Posted Dec 29 2012 12:00am
If you are a regular reader, you know that for some time now (okay, let's be honest, for years now) I've been waging a war against sugar.  I love it and I hate it and I love it again.  I quit it then I have a weak moment and I start the torrid affair all over again.

I'm so tired of this.

Here's the bottom line: sugar doesn't make me feel good.  And this blog is all about figuring out what does make me feel good; what makes me happy and healthy and everything in between.  So I don't think I should eat sugar.

It's not that simple, though.  Ask anyone who has ever quit anything, and they will most likely tell you it is incredibly difficult, unless they're in total denial or are otherwise deluded thanks to prescription drugs, a frontal lobotomy, memory loss, or any combination of the above.  I can't just turn off the mid-day cravings, the daily temptations, or the countless memories that are forever intertwined with that fine white powder.

What I can do is set goals, and start every day with a fresh, clean slate.  This time around, I'm going for a dash of altruism as well.  Because in the end, it feels better when you take care of yourself and help others at the same time.

On that note, I announce the beginning of my Life is Sweet Challenge.  For every day that I successfully avoid refined sugar, I will put one dollar into a special savings account.  On my birthday next year, I will take whatever amount I have saved up and donate it to charity.  This year's fundraiser will be for a great organization called No Kid Hungry.

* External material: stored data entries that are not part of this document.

lemma bell_value_block_coeffs_expand:
  assumes "ox + nX sc \<le> nX s" "oy + nY sc \<le> nY s"
  shows "bell_value s (block_coeffs sc B ox oy) R = (\<Sum>a<nA s. \<Sum>b<nB s. \<Sum>x<nX sc. \<Sum>y<nY sc.
    B (clip (nA sc) a) (clip (nB sc) b) x y * R a b (x + ox) (y + oy))"
  unfolding bell_value_def
proof (rule sum.cong[OF refl], rule sum.cong[OF refl])
  fix a b
  let ?B = "B (clip (nA sc) a) (clip (nB sc) b)"
  have "(\<Sum>x<nX s. \<Sum>y<nY s. block_coeffs sc B ox oy a b x y * R a b x y)
     = (\<Sum>x<nX s. if ox \<le> x \<and> x < ox + nX sc then (\<Sum>y<nY s. if oy \<le> y \<and> y < oy + nY sc then
          ?B (x - ox) (y - oy) * R a b x y else 0) else 0)"
    by (intro sum.cong refl) (auto simp: block_coeffs_def intro!: sum.cong)
  also have "\<dots> = (\<Sum>x<nX sc. \<Sum>y<nY s. if oy \<le> y \<and> y < oy + nY sc then
          ?B x (y - oy) * R a b (x + ox) y else 0)"
    by (subst sum_window_shift[OF assms(1)]) (simp cong: if_cong)
  also have "\<dots> = (\<Sum>x<nX sc. \<Sum>y<nY sc. ?B x y * R a b (x + ox) (y + oy))"
    by (rule sum.cong[OF refl], subst sum_window_shift[OF assms(2)]) (simp cong: if_cong)
  finally show "(\<Sum>x<nX s. \<Sum>y<nY s. block_coeffs sc B ox oy a b x y * R a b x y)
     = (\<Sum>x<nX sc. \<Sum>y<nY sc. ?B x y * R a b (x + ox) (y + oy))" .
qed

lemma bell_value_block_marginal_expand:
  assumes "0 < nA sc" "0 < nB sc"
  shows "bell_value sc B (block_marginal s sc ox oy R) = (\<Sum>x<nX sc. \<Sum>y<nY sc. \<Sum>a<nA s. \<Sum>b<nB s.
    B (clip (nA sc) a) (clip (nB sc) b) x y * R a b (x + ox) (y + oy))"
proof -
  let ?R = "\<lambda>a' b' x y. \<Sum>a<nA s. \<Sum>b<nB s.
    if clip (nA sc) a = a' \<and> clip (nB sc) b = b' then R a b (x + ox) (y + oy) else 0"
  have "bell_value sc B (block_marginal s sc ox oy R)
      = (\<Sum>a'<nA sc. \<Sum>b'<nB sc. \<Sum>x<nX sc. \<Sum>y<nY sc. B a' b' x y * ?R a' b' x y)"
    unfolding bell_value_def block_marginal_def by (intro sum.cong refl) simp
  also have "\<dots> = (\<Sum>x<nX sc. \<Sum>y<nY sc. \<Sum>a'<nA sc. \<Sum>b'<nB sc. B a' b' x y * ?R a' b' x y)"
    by (rule sum_swap_pairs)
  also have "\<dots> = (\<Sum>x<nX sc. \<Sum>y<nY sc. \<Sum>a<nA s. \<Sum>b<nB s.
      B (clip (nA sc) a) (clip (nB sc) b) x y * R a b (x + ox) (y + oy))"
    by (intro sum.cong refl sum_fibres_pair) (auto simp: clip_less assms)
  finally show ?thesis .
qed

No Kid Hungry is dedicated to ending childhood hunger.  According to their website, 16 million children in America struggle with hunger.  Here I am, sitting ten feet away from a well-stocked pantry, a woman with the luxury of being able to eliminate something from her diet, and there are people in this same country who don't even know where their next meal is coming from.  That's messed up.

No Kid Hungry combats this problem on three levels
1.  Access: NKH work with volunteers, government officials, and private organizations to provide children with the food they need.

2.  Education: This is perhaps my favorite part of the program; they teach low-income individuals how to stretch their budgets and prepare healthy meals for their families.  "Give a man a fish…"

3.  Awareness: Because you can't solve a problem that no one knows about, NKH works to bring this domestic issue to the forefront of our minds.